<<<<

text \<open>Gauss: if \<open>p\<close> and \<open>q\<close> have coefficients outside \<open>I\<close>, take the first such ones, of index
  \<open>i\<close> and \<open>j\<close>; the coefficient of \<open>X^(i+j)\<close> in \<open>p * q\<close> is their product modulo \<open>I\<close>.\<close>

lemma poly_over_prime:
  assumes I: "is_prime_ideal_univ I" and pq: "p * q \<in> poly_over I"
  shows "p \<in> poly_over I \<or> q \<in> poly_over I"
proof (rule ccontr)
  assume "\<not> (p \<in> poly_over I \<or> q \<in> poly_over I)"
  then have ex: "\<exists>i. coeff p i \<notin> I" "\<exists>j. coeff q j \<notin> I" by (auto simp: poly_over_def)
  define i where "i = (LEAST i. coeff p i \<notin> I)"
  define j where "j = (LEAST j. coeff q j \<notin> I)"
  have pi: "coeff p i \<notin> I" "\<And>k. k < i \<Longrightarrow> coeff p k \<in> I"
    using LeastI_ex[OF ex(1)] not_less_Least unfolding i_def by blast+
  have qj: "coeff q j \<notin> I" "\<And>k. k < j \<Longrightarrow> coeff q k \<in> I"
    using LeastI_ex[OF ex(2)] not_less_Least unfolding j_def by blast+
  define rest where "rest = (\<Sum>k\<in>{..i+j} - {i}. coeff p k * coeff q (i + j - k))"
  have "coeff (p * q) (i + j) = coeff p i * coeff q j + rest"
    unfolding coeff_mult rest_def by (subst sum.remove[of _ i]) auto
  moreover have "rest \<in> I" unfolding rest_def
  proof (rule prime_ideal_univ_sum_mem[OF I], simp)
    fix k assume k: "k \<in> {..i+j} - {i}"
    show "coeff p k * coeff q (i + j - k) \<in> I"
    proof (cases "k < i")
      case True then show ?thesis using pi(2) I unfolding is_prime_ideal_univ_def by (metis mult.commute)
    next
      case False then have "i + j - k < j" using k by auto
      then show ?thesis using qj(2) I unfolding is_prime_ideal_univ_def by blast
    qed
  qed
  moreover have "coeff (p * q) (i + j) \<in> I" using pq by (simp add: poly_over_def)
  ultimately have "coeff p i * coeff q j \<in> I"
    using I unfolding is_prime_ideal_univ_def by (metis add_diff_cancel_right' diff_conv_add_uminus minus_mult_left mult_1)
  then show False using I pi(1) qj(1) unfolding is_prime_ideal_univ_def by blast
qed

definition loc_ext :: "'a::idom fract set \<Rightarrow> 'a poly fract set" where
  "loc_ext P = {Fract f g | f g. poly g 0 = 1 \<and> f \<in> poly_over (dom_preimage P)}"

lemma mem_loc_ext_iff:
  "x \<in> loc_ext P \<longleftrightarrow> (\<exists>f g. x = Fract f g \<and> poly g 0 = 1 \<and> f \<in> poly_over (dom_preimage P))"
  unfolding loc_ext_def by simp

lemma loc_ext_subset: "loc_ext P \<subseteq> loc_poly_ring"
  unfolding loc_ext_def loc_poly_ring_def by blast

text \<open>Membership does not depend on the chosen representation, because \<open>g\<close> is not in \<open>I[X]\<close>.\<close>

lemma loc_ext_numerator:
  assumes I: "is_prime_ideal_univ (dom_preimage P)"
    and x: "x \<in> loc_ext P" "x = Fract f g" "poly g 0 = 1"
  shows "f \<in> poly_over (dom_preimage P)"
proof -
  obtain h k where hk: "x = Fract h k" "poly k 0 = 1" "h \<in> poly_over (dom_preimage P)"
    using x(1) unfolding mem_loc_ext_iff by blast
  have "g \<noteq> 0" "k \<noteq> 0" using hk x by auto
  then have "f * k = g * h" using hk x by (simp add: eq_fract(1) mult.commute)
  then have "f * k \<in> poly_over (dom_preimage P)" using poly_over_mult[OF I hk(3)] by simp
  then show ?thesis using poly_over_prime[OF I] poly_const_term_one_notin_poly_over[OF I hk(2)] by blast
qed

lemma loc_ext_prime_ideal:
  assumes I: "is_prime_ideal_univ (dom_preimage P)"
  shows "is_prime_ideal loc_poly_ring (loc_ext P)"
  unfolding is_prime_ideal_def is_ideal_def
proof (intro conjI ballI impI)
  show "loc_ext P \<subseteq> loc_poly_ring" by (rule loc_ext_subset)
  show "0 \<in> loc_ext P" unfolding mem_loc_ext_iff using poly_over_zero[OF I]
    by (intro exI[of _ 0] exI[of _ 1]) (simp add: Zero_fract_def)
  show "loc_ext P \<noteq> loc_poly_ring"
  proof
    assume "loc_ext P = loc_poly_ring"
    moreover have "1 \<in> loc_poly_ring" using subring_loc_poly_ring unfolding is_subring_def by blast
    ultimately have "Fract 1 1 \<in> loc_ext P" by (simp add: One_fract_def)
    then show False
      using loc_ext_numerator[OF I] poly_const_term_one_notin_poly_over[OF I, of 1] by fastforce
  qed
next
  fix x y :: "'a poly fract" assume "x \<in> loc_ext P" "y \<in> loc_ext P"
  then obtain f g f' g' where xy: "x = Fract f g" "poly g 0 = 1" "f \<in> poly_over (dom_preimage P)"
     "y = Fract f' g'" "poly g' 0 = 1" "f' \<in> poly_over (dom_preimage P)"
    unfolding mem_loc_ext_iff by blast
  then have "f * g' + f' * g \<in> poly_over (dom_preimage P)"
    using poly_over_add[OF I] poly_over_mult[OF I] by (simp add: mult.commute)
  moreover have "g \<noteq> 0" "g' \<noteq> 0" using xy by auto
  ultimately show "x + y \<in> loc_ext P" unfolding mem_loc_ext_iff using xy
    by (intro exI[of _ "f * g' + f' * g"] exI[of _ "g * g'"]) simp
next
  fix r x :: "'a poly fract" assume "r \<in> loc_poly_ring" "x \<in> loc_ext P"
  then obtain f g h k where xr: "x = Fract f g" "poly g 0 = 1" "f \<in> poly_over (dom_preimage P)"
     "r = Fract h k" "poly k 0 = 1"
    unfolding mem_loc_ext_iff mem_loc_poly_ring_iff by blast
  then show "r * x \<in> loc_ext P" unfolding mem_loc_ext_iff
    using poly_over_mult[OF I] by (intro exI[of _ "h * f"] exI[of _ "k * g"]) simp
next
  fix a b :: "'a poly fract"
  assume ab: "a \<in> loc_poly_ring" "b \<in> loc_poly_ring" "a * b \<in> loc_ext P"
  then obtain f g f' g' where xy: "a = Fract f g" "poly g 0 = 1" "b = Fract f' g'" "poly g' 0 = 1"
    unfolding mem_loc_poly_ring_iff by blast
  then have "f * f' \<in> poly_over (dom_preimage P)"
    using loc_ext_numerator[OF I ab(3)] by simp
  then show "a \<in> loc_ext P \<or> b \<in> loc_ext P"
    using poly_over_prime[OF I] xy unfolding mem_loc_ext_iff by blast
qed

lemma loc_ext_zero: "loc_ext {0::'a::idom fract} = {0}"
proof -
  have "dom_preimage {0::'a fract} = {0}"
    unfolding dom_preimage_def by (auto simp: Fract_one_eq_zero_iff)
  moreover have "poly_over {0::'a} = {0}"
    unfolding poly_over_def by (auto intro: poly_eqI)
  ultimately have "loc_ext {0::'a fract} = {Fract 0 g | g. poly g 0 = 1}"
    unfolding loc_ext_def by simp
  also have "\<dots> = {0}" by (auto simp: fract_collapse intro!: exI[of _ 1])
  finally show ?thesis .
qed

lemma loc_ext_strict_mono:
  assumes I: "is_prime_ideal_univ (dom_preimage P')" and sub: "P' \<subset> P" "P \<subseteq> dom_ring"
  shows "loc_ext P' \<subset> loc_ext P"
proof -
  have "poly_over (dom_preimage P') \<subseteq> poly_over (dom_preimage P)"
    using sub unfolding poly_over_def dom_preimage_def by auto
  then have "loc_ext P' \<subseteq> loc_ext P" unfolding loc_ext_def by blast
  moreover obtain a where a: "Fract a 1 \<in> P" "Fract a 1 \<notin> P'"
    using sub unfolding dom_ring_def by auto
  have "0 \<in> dom_preimage P" using I sub unfolding is_prime_ideal_univ_def dom_preimage_def by auto
  then have "[:a:] \<in> poly_over (dom_preimage P)"
    using a unfolding poly_over_def dom_preimage_def by (auto simp: coeff_pCons split: nat.split)
  then have "Fract [:a:] 1 \<in> loc_ext P" unfolding mem_loc_ext_iff by fastforce
  moreover have "Fract [:a:] 1 \<notin> loc_ext P'"
  proof
    assume "Fract [:a:] 1 \<in> loc_ext P'"
    then have "coeff [:a:] 0 \<in> dom_preimage P'"
      using loc_ext_numerator[OF I] unfolding poly_over_def by fastforce
    then show False using a unfolding dom_preimage_def by simp
  qed
  ultimately show ?thesis by blast
qed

>>>>

## EXERCISE
Please give an exact copy of the lines above, beginning with the line containing "proof (rule prime_ideal_univ_sum_mem[OF" and running through the line containing "case False then", and of no other lines.

## RESULT OF THE EXERCISE
  proof (rule prime_ideal_univ_sum_mem[OF I], simp)
    fix k assume k: "k \<in> {..i+j} - {i}"
    show "coeff p k * coeff q (i + j - k) \<in> I"
    proof (cases "k < i")
      case True then show ?thesis using pi(2) I unfolding is_prime_ideal_univ_def by (metis mult.commute)
    next
      case False then have "i + j - k < j" using k by auto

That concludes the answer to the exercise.